Purpose : Tau is a microtubule associated protein. Abnormal tau phosphorylation can impair neuronal function. We aimed to understand more about the relationship between tau phosphorylation and retinal pathology by identifying the protein kinases involved in this process

Methods : An in vitro model of tau phosphorylation was established using a mixed rat retinal cell culture. Tau phosphorylation was examined under basal conditions and after elevation with the protein phosphatase inhibitor, calyculin A (CA). The optimal CA regimen to detect tau phosphorylation was determined by Western immunoblot and immunocytochemistry. A range of protein kinase inhibitors were tested to see whether they blocked CA-induced tau phosphorylation; LiCl (glycogen synthase kinase), calphostin C (protein kinase C), SP600125 (SAPK), FR180204 (P42/44 MAPK) and roscovitine (Cdk5). Concurrent toxicity to cells was also examined

Results : Tau phosphorylation was seen under basal conditions in retinal cell cultures. CA markedly stimulated tau phosphorylation, particularly at residue T181. Optimal phosphorylation was determined at a concentration of 5nM CA, with a 1 hour treatment. This treatment provided no obvious adverse effects to glia or neurons. The effect of selected protein kinase inhibitors were then tested. LiCl, calphostin C, SP600125 and FR180204 all showed no effect on baseline phosphorylation compared to control. A modest but significant reduction of 10-20% in tau phosphorylation was observed by each inhibitor. However, roscovitine demonstrated both an approximate 40% reduction in basal phosphorylation of tau at residue T181 and a particularly marked reduction of 80% phosphorylation in the presence of CA. In no case did treatment with any protein kinase inhibitor have any apparent detrimental effect to retinal cells

Conclusions : These results demonstrate that CA was effective in elevating tau phosphorylation at various epitopes to a detectable degree, creating a model system with which to identify tau kinases in retinal cells.

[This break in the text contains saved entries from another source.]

lemma card_squared_le_card_image_mult_collisions:
  assumes "finite S"
  shows "real (card S)^2 \<le> real (card (f ` S)) * (\<Sum>p\<in>S. \<Sum>q\<in>S. of_bool (f p = f q))"
proof -
  define c where "c z = real (card {p \<in> S. f p = z})" for z
  have sum_over_fibres: "(\<Sum>p\<in>S. g (f p)) = (\<Sum>z\<in>f ` S. c z * g z)" for g :: "_ \<Rightarrow> real"
    unfolding sum.image_gen[OF assms, of "\<lambda>p. g (f p)" f] c_def
    by (intro sum.cong refl) simp
  have "real (card S) = (\<Sum>z\<in>f ` S. c z)"
    using sum_over_fibres[of "\<lambda>_. 1"] by simp
  moreover have "(\<Sum>p\<in>S. \<Sum>q\<in>S. of_bool (f p = f q)) = (\<Sum>z\<in>f ` S. (c z)^2)"
  proof -
    have "(\<Sum>q\<in>S. of_bool (z = f q)) = c z" for z
      using assms by (simp add: c_def eq_commute Int_def flip: sum.inter_filter)
    then show ?thesis
      using sum_over_fibres[of c] by (simp add: power2_eq_square)
  qed
  ultimately show ?thesis
    using sum_squared_le_sum_of_squares[of c "f ` S"] by (simp add: mult.commute)
qed

lemma Cauchy_Schwarz_ineq_sum_pointwise:
  fixes a X Y :: "'i \<Rightarrow> real"
  assumes "\<And>i. i \<in> I \<Longrightarrow> 0 \<le> a i" "\<And>i. i \<in> I \<Longrightarrow> 0 \<le> X i" "\<And>i. i \<in> I \<Longrightarrow> 0 \<le> Y i"
    and "\<And>i. i \<in> I \<Longrightarrow> (a i)^2 \<le> X i * Y i"
  shows "(\<Sum>i\<in>I. a i)^2 \<le> (\<Sum>i\<in>I. X i) * (\<Sum>i\<in>I. Y i)"
proof -
  have "(\<Sum>i\<in>I. a i) \<le> (\<Sum>i\<in>I. sqrt (X i) * sqrt (Y i))"
    using assms by (intro sum_mono) (metis real_le_rsqrt real_sqrt_mult)
  then have "(\<Sum>i\<in>I. a i)^2 \<le> (\<Sum>i\<in>I. sqrt (X i) * sqrt (Y i))^2"
    using assms(1) by (intro power_mono) (simp_all add: sum_nonneg)
  also have "\<dots> \<le> (\<Sum>i\<in>I. (sqrt (X i))^2) * (\<Sum>i\<in>I. (sqrt (Y i))^2)"
    by (rule Cauchy_Schwarz_ineq_sum)
  also have "\<dots> = (\<Sum>i\<in>I. X i) * (\<Sum>i\<in>I. Y i)"
    using assms(2,3) by (simp cong: sum.cong)
  finally show ?thesis .
qed

lemma exists_ge_average:
  fixes X :: "'i \<Rightarrow> real"
  assumes "finite I" "I \<noteq> {}" "real (card I) \<le> K" "0 \<le> B" "B \<le> (\<Sum>i\<in>I. X i)"
  shows "\<exists>i\<in>I. B / K \<le> X i"
proof (rule ccontr)
  assume "\<not> ?thesis"
  have "0 < K"
    using assms(1-3) card_gt_0_iff[of I] by linarith
  from \<open>\<not> ?thesis\<close> have "(\<Sum>i\<in>I. X i) < (\<Sum>i\<in>I. B / K)"
    using assms(1,2) by (intro sum_strict_mono) auto
  also have "\<dots> = real (card I) * (B / K)"
    by simp
  also have "\<dots> \<le> K * (B / K)"
    using assms(3,4) \<open>0 < K\<close> by (intro mult_right_mono) simp_all
  also have "\<dots> = B"
    using \<open>0 < K\<close> by simp
  finally show False
    using assms(5) by simp
qed

lemma pred_ratio_power_le:
  fixes n r :: real
  assumes "1 \<le> r" "r \<le> n"
  shows "n^k * ((r - 1)^k * r) \<le> (n - 1)^k * r^(k + 1)"
proof -
  have "(n * (r - 1))^k \<le> ((n - 1) * r)^k"
    using assms by (intro power_mono) (simp_all add: algebra_simps)
  then have "(n * (r - 1))^k * r \<le> ((n - 1) * r)^k * r"
    using assms by (intro mult_right_mono) auto
  then show ?thesis
    by (simp add: power_mult_distrib mult_ac)
qed

lemma le_of_Cauchy_Schwarz_and_energy_bounds:
  fixes n S P E :: real
  assumes "2 \<le> n" "0 \<le> S" "0 \<le> E"
    and Cauchy_Schwarz: "(n^2 * (n - 1)^k)^2 \<le> S * P"
    and energy: "n^k * P \<le> (n - 1)^k * E"
  shows "n^(2 * k + 4) / (2^k * E) \<le> S"
proof -
  have "(n - 1)^k * (n^(k + 4) * (n - 1)^k) = n^k * (n^2 * (n - 1)^k)^2"
    by (simp add: power_add power2_eq_square power4_eq_xxxx mult_ac)
  also have "\<dots> \<le> n^k * (S * P)"
    using assms(1) by (intro mult_left_mono[OF Cauchy_Schwarz]) simp
  also have "\<dots> \<le> (n - 1)^k * (S * E)"
    using mult_left_mono[OF energy \<open>0 \<le> S\<close>] by (simp add: mult_ac)
  finally have "n^(k + 4) * (n - 1)^k \<le> S * E"
    using assms(1) by (simp add: mult_le_cancel_left)
  then have "n^(2 * k + 4) \<le> 2^k * (S * E)"
  proof -
    have "n^(2 * k + 4) = n^k * n^(k + 4)"
      by (simp add: power_add[symmetric])
    also have "\<dots> \<le> (2 * (n - 1))^k * n^(k + 4)"
      using assms(1) by (intro mult_right_mono power_mono) simp_all
    also have "\<dots> = 2^k * (n^(k + 4) * (n - 1)^k)"
      by (simp only: power_mult_distrib mult_ac)
    also have "\<dots> \<le> 2^k * (S * E)"
      using \<open>n^(k + 4) * (n - 1)^k \<le> S * E\<close> by simp
    finally show ?thesis .
  qed
  \<comment> \<open>for \<open>E = 0\<close> the left-hand side is \<open>0\<close>, as \<open>x / 0 = 0\<close>\<close>
  then show ?thesis
    using assms(2,3) by (cases "E = 0") (simp_all add: pos_divide_le_eq mult_ac)
qed

lemma Ash_eq: "Ash A s = {b \<in> A. b + s \<in> A}"
  unfolding Ash_def by (auto simp: image_iff eq_diff_eq)

lemma finite_Ash: "finite A \<Longrightarrow> finite (Ash A s)"
  by (simp add: Ash_def)

lemma card_Ash: "card (Ash A s) = rep A s"
  by (simp add: Ash_eq rep_def)

lemma finite_diffset:
  assumes "finite X" "finite Y"
  shows "finite (diffset X Y)"
proof -
  have "diffset X Y = (\<lambda>(x, y). x - y) ` (X \<times> Y)"
    unfolding diffset_def by auto
  then show ?thesis
    using assms by simp
qed

lemma nonzero_diffs_nonempty:
  assumes "2 \<le> card A"
  shows "diffset A A - {0} \<noteq> {}"
proof -
  obtain a b where "a \<in> A" "b \<in> A" "a \<noteq> b"
    using assms by (metis obtain_subset_with_card_n card_2_iff insert_subset)
  then show ?thesis
    unfolding diffset_def by force
qed

lemma rep_zero: "rep A 0 = card A"
  by (simp add: rep_def)

lemma rep_le_card: "finite A \<Longrightarrow> rep A d \<le> card A"
  unfolding rep_def by (rule card_mono) auto

lemma rep_diff_pos: "finite A \<Longrightarrow> b \<in> A \<Longrightarrow> b' \<in> A \<Longrightarrow> 0 < rep A (b' - b)"
  unfolding rep_def by (subst card_gt_0_iff) auto

lemma rep_uminus: "rep A (- d) = rep A d"
proof -
  have "{y. y \<in> A \<and> y + - d \<in> A} = (\<lambda>y. y + d) ` {y. y \<in> A \<and> y + d \<in> A}"
    by (auto simp: image_iff) (metis diff_add_cancel)
  then show ?thesis
    unfolding rep_def by (simp add: card_image)
qed

lemma rep_diff_commute: "rep A (y - y') = rep A (y' - y)"
  by (metis minus_diff_eq rep_uminus)

lemma sum_pairs_of_bool_diff:
  assumes "finite A"
  shows "(\<Sum>b\<in>A. \<Sum>b'\<in>A. of_bool (b' - b = d)) = real (rep A d)"
proof -
  have "(b' - b = d) = (b' = b + d)" for b b'
    by (auto simp: algebra_simps)
  then have "(\<Sum>b'\<in>A. of_bool (b' - b = d)) = (of_bool (b + d \<in> A) :: real)" for b
    using assms by (simp add: of_bool_def sum.delta)
  then show ?thesis
    using assms by (simp add: rep_def Int_def)
qed

lemma sum_pairs_diff_eq_sum_rep:
  fixes G :: "'a::ab_group_add \<Rightarrow> real"
  assumes "finite A"
  shows "(\<Sum>b\<in>A. \<Sum>b'\<in>A. G (b' - b)) = (\<Sum>d\<in>diffset A A. real (rep A d) * G d)"
proof -
  have "G (b' - b) = (\<Sum>d\<in>diffset A A. of_bool (b' - b = d) * G d)" if "b \<in> A" "b' \<in> A" for b b'
  proof -
    have "b' - b \<in> diffset A A"
      using that unfolding diffset_def by blast
    then show ?thesis
      using finite_diffset[OF assms assms] by (simp add: sum.delta flip: of_bool_def)
  qed
  then have "(\<Sum>b\<in>A. \<Sum>b'\<in>A. G (b' - b))
      = (\<Sum>d\<in>diffset A A. (\<Sum>b\<in>A. \<Sum>b'\<in>A. of_bool (b' - b = d)) * G d)"
    by (simp add: sum_distrib_right sum.swap[where A = "diffset A A"] cong: sum.cong)
  then show ?thesis
    by (simp add: sum_pairs_of_bool_diff[OF assms])
qed

lemma E3_eq_sum_pairs: "finite A \<Longrightarrow> real (E3 A) = (\<Sum>b\<in>A. \<Sum>b'\<in>A. real (rep A (b' - b))^2)"
  using sum_pairs_diff_eq_sum_rep[of A "\<lambda>d. real (rep A d)^2"]
  by (simp add: E3_def power2_eq_square power3_eq_cube mult_ac)

lemma E4_eq_sum_pairs: "finite A \<Longrightarrow> real (E4 A) = (\<Sum>b\<in>A. \<Sum>b'\<in>A. real (rep A (b' - b))^3)"
  using sum_pairs_diff_eq_sum_rep[of A "\<lambda>d. real (rep A d)^3"]
  by (simp add: E4_def power3_eq_cube power4_eq_xxxx mult_ac)

lemma sum_rep_nonzero_diffs:
  assumes "finite A" "A \<noteq> {}"
  shows "(\<Sum>s\<in>diffset A A - {0}. real (rep A s)) = real (card A)^2 - real (card A)"
proof -
  have "0 \<in> diffset A A"
    using assms(2) unfolding diffset_def by force
  have "real (card A)^2 = (\<Sum>d\<in>diffset A A. real (rep A d))"
    using sum_pairs_diff_eq_sum_rep[OF assms(1), of "\<lambda>_. 1"] by (simp add: power2_eq_square)
  also have "\<dots> = real (card A) + (\<Sum>s\<in>diffset A A - {0}. real (rep A s))"
    using sum.remove[OF finite_diffset[OF assms(1,1)] \<open>0 \<in> diffset A A\<close>, of "\<lambda>d. real (rep A d)"]
    by (simp add: rep_zero)
  finally show ?thesis
    by simp
qed

lemma sum_common_nonzero_shifts:
  assumes "finite A" "b \<in> A" "b' \<in> A"
  shows "(\<Sum>s\<in>diffset A A - {0}. of_bool (b + s \<in> A \<and> b' + s \<in> A)) = real (rep A (b' - b)) - 1"
proof -
  have "{s \<in> diffset A A - {0}. b + s \<in> A \<and> b' + s \<in> A}
      = (\<lambda>c. c - b) ` ({c \<in> A. c + (b' - b) \<in> A} - {b})"
  proof (intro set_eqI iffI)
    fix s
    assume "s \<in> {s \<in> diffset A A - {0}. b + s \<in> A \<and> b' + s \<in> A}"
    then show "s \<in> (\<lambda>c. c - b) ` ({c \<in> A. c + (b' - b) \<in> A} - {b})"
      by (intro image_eqI[of _ _ "b + s"]) (auto simp: algebra_simps)
  next
    fix s
    assume "s \<in> (\<lambda>c. c - b) ` ({c \<in> A. c + (b' - b) \<in> A} - {b})"
    then obtain c where "c \<in> A" "c \<noteq> b" "c + (b' - b) \<in> A" "s = c - b"
      by auto
    then show "s \<in> {s \<in> diffset A A - {0}. b + s \<in> A \<and> b' + s \<in> A}"
      using assms(2) by (auto simp: diffset_def algebra_simps)
  qed
  moreover have "card ({c \<in> A. c + (b' - b) \<in> A} - {b}) = rep A (b' - b) - 1"
    using assms by (simp add: rep_def card_Diff_singleton)
  ultimately have "card {s \<in> diffset A A - {0}. b + s \<in> A \<and> b' + s \<in> A} = rep A (b' - b) - 1"
    by (simp add: card_image)
  then show ?thesis
    using finite_diffset[OF assms(1,1)] rep_diff_pos[OF assms]
    by (simp add: of_bool_def Int_def of_nat_diff flip: sum.inter_filter)
qed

It can thus be considered as an in vitro model of tau phosphorylation for potentially studying tauopathies. The results also suggest that several different protein kinases can contribute to phosphorylation of Tau at epitope T181, but, in particular, Cdk5. Inhibitors of these kinases may potentially provide a clinical avenue for treatment of retinal diseases where tau phosphorylation is known to occur, such as glaucoma

This abstract was presented at the 2019 ARVO Annual Meeting, held in Vancouver, Canada, April 28 - May 2, 2019.